Die Versorgung mit Breitband ist eine Zukunftsaufgabe, bei der die Kommune ganz wesentlich gefordert ist. Anfang des Jahres hatte nun die Telekom die Hand gehoben und erklärt, sie werde den Ausbau mit schnellem Internet übernehmen. Das hört sich gut an, ist es aber nicht.

Das Bild zeigt ein Internetterminal an einem öffentlichen Platz.

Die Initiative fordert jetzt konkrete Fixpunkte in einen Vertrag mit der Telekom aufzunehmen (bis wann ist der Ausbau beendet und wo wird verlegt?) und zudem auch ein kommunales Konzept, dass die Stadt Gütersloh ab sofort Leerrohre in den Straßen mitverlegt. In rund 7 bis 10 Jahren ist nämlich die veraltete Technik der Telekom nicht mehr leistungsfähig. Bis dahin könnte Gütersloh also den Anschluss an ein schnelles Internet verloren haben. Das Versäumte nachzuholen, ist dann nicht mehr möglich. Eigentlich wollte der Stadtbaurat ein solches Leerrohrekonzept bereits im Januar im Ausschuss für Wirtschaftsförderung vorlegen. Hat er aber nicht.

An der Antragstellung von Demokratie wagen und an der aktuellen Forderung bin ich beteiligt.  Die zukunftsfähige Versorgung mit Breitband ist mir ein ganz besonderes Anliegen. Die Pressemeldung kann man hier lesen.

Breitband nicht der Telekom überlassen

Das Bild zeigt verschiedene Kabel, die an einer Wand entlanglaufen, die Farben der Kabel sin rot, grün, grau und schwarz.

Die Telekom hat die Hand gehoben und will „schnelles Internet“ in die Stadt Gütersloh bringen. So hieß es im Rat der letzten Woche in der Rubrik „Mitteilungen der Verwaltung“. Ein so wichtiger Punkt en passant verlesen. Auf die Vergabepraxis habe die Stadt Gütersloh keinen Einfluss, heißt es weiter. 

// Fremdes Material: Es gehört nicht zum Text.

lemma elog_div_ge_blockwise:
  assumes k: "1 \<le> k" and n: "0 < n" and j: "0 < j" and d: "d \<le> e"
  shows "ereal (real k) * (elog d / ereal (real j))
    \<le> ereal (real k * real n / real j) * (elog e / ereal (real n))"
proof (cases "d = 0")
  case True
  then show ?thesis using j k by (simp add: elog_div_of_nat)
next
  case False
  with d have "ln (real d) \<le> ln (real e)" "e \<noteq> 0" by simp_all
  then have "real k * (ln (real d) / real j) \<le> real k * (ln (real e) / real j)"
    using j by (intro mult_left_mono divide_right_mono) auto
  also have "\<dots> = real k * real n / real j * (ln (real e) / real n)"
    using n by simp
  finally have "real k * (ln (real d) / real j) \<le> real k * real n / real j * (ln (real e) / real n)" .
  then show ?thesis
    using n j False \<open>e \<noteq> 0\<close> by (simp add: elog_div_of_nat)
qed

Das ist keine gute Nachricht. Es ist eine Nachricht, die gerade jetzt ein eigenes Konzept der Stadt zur Breitbandversorgung noch dringender erforderlich macht. Die Telekom nutzt – kurz gesagt -veraltete Technik und hübscht diese mit ein wenig technischer Kosmetik (VDSL) auf. So wirft die alte Technik vielleicht noch die nächsten zehn Jahre einen Gewinn ab.

Agiert Gütersloh aber weiterhin ohne eigenen Fahrplan, ist die Stadt spätestens dann abgeschnitten, wenn die Altkabel untauglich sind. Und noch mehr: sie liegt abgeschlagen zurück, denn der digitale Vorsprung in der Infrastruktur vorausschauender Kommunen ist dann nicht mehr aufzuholen. Der Bedarf nach MBit wächst – über die Leistungsfähigkeit der Telekom-Überbautechnik hinaus. Das ist bereits jetzt absehbar.

Die Stadt Gütersloh muss sich also schnell auf den Weg machen, darüber diskutieren und entscheiden, die richtungsweisende Zukunftstechnik „Glasfaser“ in ihre kommunale Hand zu legen. Nur damit kann sie gewappnet sein für einen exponentiell steigenden Bedarf, der auch die Grundlage für weitere wirtschaftliche Leistungsfähigkeit sein wird.